→ Your task
Because the material must match the original, reproduce every line of it exactly.

→ Information provided
......

(* Let $A,B:\mathbb{R}^n\to\mathbb{R}^n$ be linear operators that are GTP with respect to a totally positive structure $\{K_1,\ldots,K_n\}$. Then $AB$ is GTP with respect to $\{K_1,\ldots,K_n\}$. If moreover one of $A$, $B$ is GSTP and the other is nonsingular (and GTP), then $AB$ is GSTP with respect to $\{K_1,\ldots,K_n\}$. In particular, if $A$ is GTP (respectively, GSTP) with respect to $\{K_1,\ldots,K_n\}$, then $A^m$ is GTP (respectively, GSTP) with respect to the same structure for every natural number $m$.
   Context: A proper cone is a closed convex cone that is pointed and solid. $\wedge^j\mathbb{R}^n$ is the $j$th exterior power of $\mathbb{R}^n$ and $\wedge^jA$ the operator with $(\wedge^jA)(x_1\wedge\cdots\wedge x_j)=Ax_1\wedge\cdots\wedge Ax_j$. An operator $C$ is $K$-nonnegative if $CK\subseteq K$, $K$-positive if $C(K\setminus\{0\})\subseteq\operatorname{int}K$. A totally positive structure is a family $\{K_1,\ldots,K_n\}$ with $K_j\subset\wedge^j\mathbb{R}^n$ a proper cone; $A$ is GTP (resp. GSTP) with respect to it if $\wedge^jA$ is $K_j$-nonnegative (resp. $K_j$-positive) for every $j=1,\ldots,n$. *)

theory Defs
  imports "HOL-Analysis.Analysis"
begin

text \<open>Concrete model of the exterior algebra of R^n, where R^n = real^'n::{finite,linorder}.
  A vector of real^('n::{finite,linorder} set) has one coordinate for every subset I of the index set;
  the j-th exterior power is the subspace of vectors supported on the j-subsets I,
  the coordinate at I being the coefficient of the standard basis vector
  e_{i_1} wedge ... wedge e_{i_j} with i_1 < ... < i_j the elements of I.\<close>

definition ext_space :: "nat \<Rightarrow> (real^('n::{finite,linorder} set)) set" where
  "ext_space j = {x. \<forall>I. card I \<noteq> j \<longrightarrow> x $ I = 0}"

......

→ Completed task
(* Let $A,B:\mathbb{R}^n\to\mathbb{R}^n$ be linear operators that are GTP with respect to a totally positive structure $\{K_1,\ldots,K_n\}$. Then $AB$ is GTP with respect to $\{K_1,\ldots,K_n\}$. If moreover one of $A$, $B$ is GSTP and the other is nonsingular (and GTP), then $AB$ is GSTP with respect to $\{K_1,\ldots,K_n\}$. In particular, if $A$ is GTP (respectively, GSTP) with respect to $\{K_1,\ldots,K_n\}$, then $A^m$ is GTP (respectively, GSTP) with respect to the same structure for every natural number $m$.
   Context: A proper cone is a closed convex cone that is pointed and solid. $\wedge^j\mathbb{R}^n$ is the $j$th exterior power of $\mathbb{R}^n$ and $\wedge^jA$ the operator with $(\wedge^jA)(x_1\wedge\cdots\wedge x_j)=Ax_1\wedge\cdots\wedge Ax_j$. An operator $C$ is $K$-nonnegative if $CK\subseteq K$, $K$-positive if $C(K\setminus\{0\})\subseteq\operatorname{int}K$. A totally positive structure is a family $\{K_1,\ldots,K_n\}$ with $K_j\subset\wedge^j\mathbb{R}^n$ a proper cone; $A$ is GTP (resp. GSTP) with respect to it if $\wedge^jA$ is $K_j$-nonnegative (resp. $K_j$-positive) for every $j=1,\ldots,n$. *)

theory Defs
  imports "HOL-Analysis.Analysis"
begin

text \<open>Concrete model of the exterior algebra of R^n, where R^n = real^'n::{finite,linorder}.
  A vector of real^('n::{finite,linorder} set) has one coordinate for every subset I of the index set;
  the j-th exterior power is the subspace of vectors supported on the j-subsets I,
  the coordinate at I being the coefficient of the standard basis vector
  e_{i_1} wedge ... wedge e_{i_j} with i_1 < ... < i_j the elements of I.\<close>

definition ext_space :: "nat \<Rightarrow> (real^('n::{finite,linorder} set)) set" where
  "ext_space j = {x. \<forall>I. card I \<noteq> j \<longrightarrow> x $ I = 0}"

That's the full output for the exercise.